The price of the dollar in the world continues to rise, thanks to investors’ fear of economic recession and is very close to breaking more than 20 years of shortage against the euro, another currency that has historically outperformed the markets, by a margin that fluctuates between 20 and 25%.
The search for assets that allow people to protect their money from the eventual downturn of the global economy is causing this currency to reach historic levels Which, for example, in the case of Colombia bypasses the difficult times of the epidemic.
At the close of trading for Friday – July 8, the Colombian Stock Exchange reported that this coin remained at a final value of 4,420 pesos and 50 cents, with which it collected an increase of 215 pesos in terms of values. Thrown into the markets closed last Friday, July 1, when it was 4205 pesos and 05 cents.
In countries like Chile, The dollar was priced this week at 1000 Chilean pesos It closed today at 965 pesos, a new historical high in the midst of the global strengthening of the currency and before the depreciation of copper, the country’s main export.
Now, regarding the bidding between the dollar and the euro, during the morning of Friday – July 8, the single European currency fell below $1.01 for the first time since the end of 2002, affected by the anxiety caused by the economy of the old continent.
In early trading today, the euro lost 0.49% to $1.0110, Having fallen to 1.0072 a little earlier, it is approaching parity.

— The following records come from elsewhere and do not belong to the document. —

lemma sum_stopped_error_le:
  "(\<Sum>S\<in>stopping_cells k. cmod (Psi (par p (fst S) (snd S))
        - integral\<^sup>L lebesgue (\<lambda>x. indicator (fiber (fst S) (snd S)) x *\<^sub>R trunc_deriv x)))
     \<le> (C + C * C) * real B ^ CARD('n) * mass exceptional"
proof -
  let ?T = "\<lambda>a n. integral\<^sup>L lebesgue (\<lambda>x. indicator (fiber a n) x *\<^sub>R trunc_deriv x)"
  let ?K = "(C + C * C) * real B ^ CARD('n)"
  have "(\<Sum>S\<in>stopping_cells k. cmod (Psi (par p (fst S) (snd S)) - ?T (fst S) (snd S)))
      \<le> (\<Sum>S\<in>stopping_cells k. ?K * mass (par p (Suc (fst S)) (exceptional_child S)))"
  proof (rule sum_mono)
    fix S assume S: "S \<in> stopping_cells k"
    then have "cmod (?T (fst S) (snd S)) \<le> mass (par p (fst S) (snd S))"
      using stopping_cellsD[OF S] norm_integral_trunc_deriv_le[OF _ fiber_subset_I0]
      by (simp add: mass_fiber)
    then have "cmod (Psi (par p (fst S) (snd S)) - ?T (fst S) (snd S))
        \<le> cmod (Psi (par p (fst S) (snd S))) + mass (par p (fst S) (snd S))"
      by (meson add_left_mono norm_triangle_ineq4 order.trans)
    also have "\<dots> \<le> ?K * mass (par p (Suc (fst S)) (exceptional_child S))"
      using stopping_cell_bound[of "fst S" "snd S" k] S by simp
    finally show "cmod (Psi (par p (fst S) (snd S)) - ?T (fst S) (snd S))
        \<le> ?K * mass (par p (Suc (fst S)) (exceptional_child S))" .
  qed
  also have "\<dots> \<le> ?K * mass exceptional"
    using sum_mass_exceptional_children_le C_pos by (simp add: sum_distrib_left[symmetric] mult_left_mono)
  finally show ?thesis .
qed

lemma norm_Psi_minus_integral_le_at_level:
  assumes "r \<le> k"
  shows "cmod (Psi (par p r nI) - integral\<^sup>L lebesgue (\<lambda>x. indicator (fiber r nI) x *\<^sub>R trunc_deriv x))
     \<le> cmod (integral\<^sup>L lebesgue (level_defect k)) + (C + C * C) * real B ^ CARD('n) * mass exceptional"
proof -
  let ?f = "\<lambda>x. cell_avg Psi k x - trunc_deriv x"
  let ?T = "\<lambda>a n. integral\<^sup>L lebesgue (\<lambda>x. indicator (fiber a n) x *\<^sub>R trunc_deriv x)"
  let ?E = "\<Sum>S\<in>stopping_cells k. Psi (par p (fst S) (snd S)) - ?T (fst S) (snd S)"
  have S: "r \<le> fst S" "fst S \<le> k" "snd S \<in> subcells p r (fst S) nI" if "S \<in> stopping_cells k" for S
    using stopping_cellsD[OF that] by auto
  have nI: "nI \<in> subcells p r r nI" by (simp add: subcells_self)
  have "Psi (par p r nI) - ?T r nI = integral\<^sup>L lebesgue (\<lambda>x. indicator (fiber r nI) x *\<^sub>R ?f x)"
    using integral_fiber_cell_avg_minus_trunc_deriv[OF order_refl assms nI] by simp
  also have "\<dots> = integral\<^sup>L lebesgue (level_defect k)
      + (\<Sum>S\<in>stopping_cells k. integral\<^sup>L lebesgue (\<lambda>x. indicator (fiber (fst S) (snd S)) x *\<^sub>R ?f x))"
    unfolding level_defect_def[abs_def]
    by (rule integral_fiber_decomp[OF assms integrable_fiber_cell_avg_minus_trunc_deriv[OF order_refl assms nI]])
      (rule integrable_fiber_cell_avg_minus_trunc_deriv[OF S])
  also have "(\<Sum>S\<in>stopping_cells k. integral\<^sup>L lebesgue (\<lambda>x. indicator (fiber (fst S) (snd S)) x *\<^sub>R ?f x)) = ?E"
    by (intro sum.cong refl integral_fiber_cell_avg_minus_trunc_deriv[OF S])
  finally have "cmod (Psi (par p r nI) - ?T r nI) \<le> cmod (integral\<^sup>L lebesgue (level_defect k)) + cmod ?E"
    by (simp add: norm_triangle_ineq)
  also have "cmod ?E \<le> (\<Sum>S\<in>stopping_cells k. cmod (Psi (par p (fst S) (snd S)) - ?T (fst S) (snd S)))"
    by (rule norm_sum)
  finally show ?thesis using sum_stopped_error_le[of k] by linarith
qed

lemma unstopped_measurable [measurable]: "Measurable.pred lebesgue (unstopped k)"
proof -
  have "Measurable.pred lebesgue (\<lambda>x. stops k' (cell_index p k' x))" for k'
    using measurable_compose[OF cell_index_measurable, of "stops k'" "count_space UNIV"]
    by (simp add: pred_def comp_def)
  then show ?thesis unfolding unstopped_def by measurable
qed

lemma unstopped_mono: "unstopped k x \<Longrightarrow> k0 \<le> k \<Longrightarrow> unstopped k0 x"
  unfolding unstopped_def by auto

text \<open>A point that is never stopped sees, from the level of its partition piece on, only cells
  that are not exceptional and lie in that piece, so its cell averages are bounded by C lam x.\<close>

lemma norm_P_deriv_le_if_never_stopped:
  assumes "P_deriv_exists p Psi x" "P_irrational p x"
    and x: "cell_index p r x = nI" and unst: "\<forall>k. unstopped k x"
  shows "cmod (P_deriv p Psi x) \<le> C * lam x"
proof -
  have "x \<in> I0" using x cell_subset_I0 mem_par_cell_index by blast
  with assms(2) obtain s where s: "par p s (cell_index p s x) \<in> F" by (rule piece_containing)
  have "cmod (cell_avg Psi k x) \<le> C * lam x" if "max s r \<le> k" for k
  proof -
    have "r \<le> k" using that by simp
    then obtain y where y: "y \<in> par p k (cell_index p k x)" "cmod (cell_avg Psi k x) \<le> lam y"
      using unstopped_cell_avg_bound[OF _ x unst[rule_format]] by blast
    have "y \<in> par p s (cell_index p s x)" using par_cell_index_mono[of s k x] that y(1) by auto
    then have "lam y \<le> C * lam x" using lam_ratio[OF s] mem_par_cell_index by blast
    then show ?thesis using y(2) by simp
  qed
  then show ?thesis
    using tendsto_norm[OF cell_avg_tendsto_P_deriv[OF assms(1)]] by (intro LIMSEQ_le_const2) (auto intro: exI[of _ "max s r"])
qed

lemma norm_limit_defect_le:
  assumes "P_deriv_exists p Psi x" "P_irrational p x"
  shows "cmod (limit_defect x) \<le> C * (indicator exceptional x * lam x)"
proof (cases "(\<forall>k. unstopped k x) \<and> cell_index p r x = nI \<and> lam x < cmod (P_deriv p Psi x)")
  case True
  then have "x \<in> I0" using cell_subset_I0 mem_par_cell_index by blast
  then have "x \<in> exceptional" using mem_exceptional_if_P_deriv_large assms True by blast
  then show ?thesis
    using True norm_P_deriv_le_if_never_stopped[OF assms] by (simp add: limit_defect_def trunc_deriv_def trunc_def)
next
  case False
  have "0 \<le> C * (indicator exceptional x * lam x)"
    using exceptional_subset lam_nonneg C_pos by (auto simp: indicator_def)
  then show ?thesis using False by (auto simp: limit_defect_def trunc_deriv_def trunc_def)
qed

lemma level_defect_measurable [measurable]: "level_defect k \<in> borel_measurable lebesgue"
  unfolding level_defect_def by measurable

lemma limit_defect_measurable [measurable]: "limit_defect \<in> borel_measurable lebesgue"
  unfolding limit_defect_def using P_deriv_measurable[OF AE_P_deriv_exists] by measurable

lemma AE_level_defect_tendsto: "AE x in lebesgue. (\<lambda>k. level_defect k x) \<longlonglongrightarrow> limit_defect x"
  using AE_P_deriv_exists
proof (rule AE_mp, intro AE_I2 impI)
  fix x assume "P_deriv_exists p Psi x"
  show "(\<lambda>k. level_defect k x) \<longlonglongrightarrow> limit_defect x"
  proof (cases "\<forall>k. unstopped k x")
    case True
    then show ?thesis
      unfolding level_defect_def limit_defect_def
      using cell_avg_tendsto_P_deriv[OF \<open>P_deriv_exists p Psi x\<close>] by (auto intro!: tendsto_intros)
  next
    case False
    then obtain k0 where "\<not> unstopped k0 x" by blast
    then have "\<forall>k\<ge>k0. level_defect k x = limit_defect x"
      using unstopped_mono False unfolding level_defect_def limit_defect_def by auto
    then show ?thesis by (intro tendsto_eventually) (auto simp: eventually_sequentially)
  qed
qed

lemma level_defect_bounded:
  obtains W where "W \<ge> 0" "\<And>k x. r \<le> k \<Longrightarrow> cmod (level_defect k x) \<le> W * indicator (par p r nI) x"
proof -
  obtain \<Lambda> where \<Lambda>: "0 \<le> \<Lambda>" "\<And>x. x \<in> I0 \<Longrightarrow> lam x \<le> \<Lambda>" using lam_bounded by blast
  have "cmod (level_defect k x) \<le> 2 * \<Lambda> * indicator (par p r nI) x" if rk: "r \<le> k" for k x
  proof (cases "unstopped k x \<and> cell_index p r x = nI")
    case True
    then obtain y where "y \<in> I0" "cmod (cell_avg Psi k x) \<le> lam y"
      using unstopped_cell_avg_bound[OF rk] by metis
    moreover have x: "x \<in> par p r nI" using True mem_par_cell_index by blast
    then have "cmod (trunc_deriv x) \<le> \<Lambda>"
      using cell_subset_I0 norm_trunc_deriv_le \<Lambda>(2) by (meson order.trans subsetD)
    ultimately have "cmod (cell_avg Psi k x - trunc_deriv x) \<le> 2 * \<Lambda>"
      using \<Lambda>(2) norm_triangle_ineq4[of "cell_avg Psi k x" "trunc_deriv x"] by fastforce
    then show ?thesis using True x by (simp add: level_defect_def)
  qed (use \<Lambda>(1) in \<open>auto simp: level_defect_def indicator_def\<close>)
  then show ?thesis using that[of "2 * \<Lambda>"] \<Lambda>(1) by auto
qed

lemma
  shows integrable_limit_defect: "integrable lebesgue limit_defect"
    and integral_level_defect_tendsto:
      "(\<lambda>k. integral\<^sup>L lebesgue (level_defect (k + r))) \<longlonglongrightarrow> integral\<^sup>L lebesgue limit_defect"
proof -
  obtain W where W: "W \<ge> 0" "\<And>k x. r \<le> k \<Longrightarrow> cmod (level_defect k x) \<le> W * indicator (par p r nI) x"
    using level_defect_bounded by blast
  have int_W: "integrable lebesgue (\<lambda>x. W * indicator (par p r nI) x)"
    using emeasure_par_finite by (intro integrable_mult_right integrable_real_indicator) auto
  have lim: "AE x in lebesgue. (\<lambda>k. level_defect (k + r) x) \<longlonglongrightarrow> limit_defect x"
    using AE_level_defect_tendsto by (rule AE_mp) (auto intro: LIMSEQ_ignore_initial_segment)
  have bound: "\<And>k. AE x in lebesgue. norm (level_defect (k + r) x) \<le> W * indicator (par p r nI) x"
    using W(2) by auto
  show "integrable lebesgue limit_defect"
    by (rule integrable_dominated_convergence[OF _ _ int_W lim bound]) measurable
  show "(\<lambda>k. integral\<^sup>L lebesgue (level_defect (k + r))) \<longlonglongrightarrow> integral\<^sup>L lebesgue limit_defect"
    by (rule integral_dominated_convergence[OF _ _ int_W lim bound]) measurable
qed

lemma norm_integral_limit_defect_le: "cmod (integral\<^sup>L lebesgue limit_defect) \<le> C * mass exceptional"
proof -
  have "cmod (integral\<^sup>L lebesgue limit_defect) \<le> integral\<^sup>L lebesgue (\<lambda>x. cmod (limit_defect x))"
    by (rule integral_norm_bound)
  also have "\<dots> \<le> integral\<^sup>L lebesgue (\<lambda>x. C * (indicator exceptional x * lam x))"
  proof (rule integral_mono_AE)
    show "AE x in lebesgue. cmod (limit_defect x) \<le> C * (indicator exceptional x * lam x)"
      using AE_conjI[OF AE_P_deriv_exists AE_P_irrational]
      by (rule AE_mp) (auto intro: norm_limit_defect_le)
  qed (use integrable_limit_defect integrable_mass[OF exceptional_sets exceptional_subset] in auto)
  finally show ?thesis by simp
qed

This is mainly due to problems with Russian exports, which drove gas prices to levels not seen since March and the invasion of Ukraine.
Likewise, the prospect of gas shortages in the Eurozone encourages operators to move away from this economy and avoid a blow to economic activity that this may represent, and the European Central Bank is currently reluctant to raise interest rates too quickly. Interest, despite inflation.
For experts like Juan David Ballén, Director of Analysis and Strategy at Casa de Bolsa SCB, these kinds of situations are a consequence of what is happening on the Old Continent, which It is no stranger to the inflation crisis caused by the war waged by the government of Vladimir Putinaround the country that is considered the agricultural storehouse of Europe.
“The weakness of the euro against the dollar is, first, due to the fact that its economy is slowing down faster than that of the United States due to the war in Ukraine, and on the other hand, the increase in federal interest rates favors the dollar, as the European Central Bank has had to keep interest rates low and stable, Palin said.
Meanwhile, stock market analyst Andres Moreno pointed out The search for safe haven assets affects the rise of the dollar against the euro, In response to the prevailing confidence among investors towards the economy of this country.
“In times of crisis, people are looking for a place to shelter and this is what we see in dollars, we must not forget that the United States has one of the strongest economies in the world, even if it is in a bad state. It raises the price,” Moreno explained.
While this news may frighten many, according to this analyst, It is a scenario that can be used for the future, recognizing that the economy is made up of cycles and that after a crisis, there are always periods of recovery.
“Usually the markets are used to seeing a very strong Euro and with the currency devaluation that it suffers, almost to the point of parity with the dollar, it gives a little bit of peace of mind and more opportunity to carry out operations in the Euro since it is relatively as in the dollar, relatively, after 20 years, We’re bringing back an economic cycle,” this expert concluded.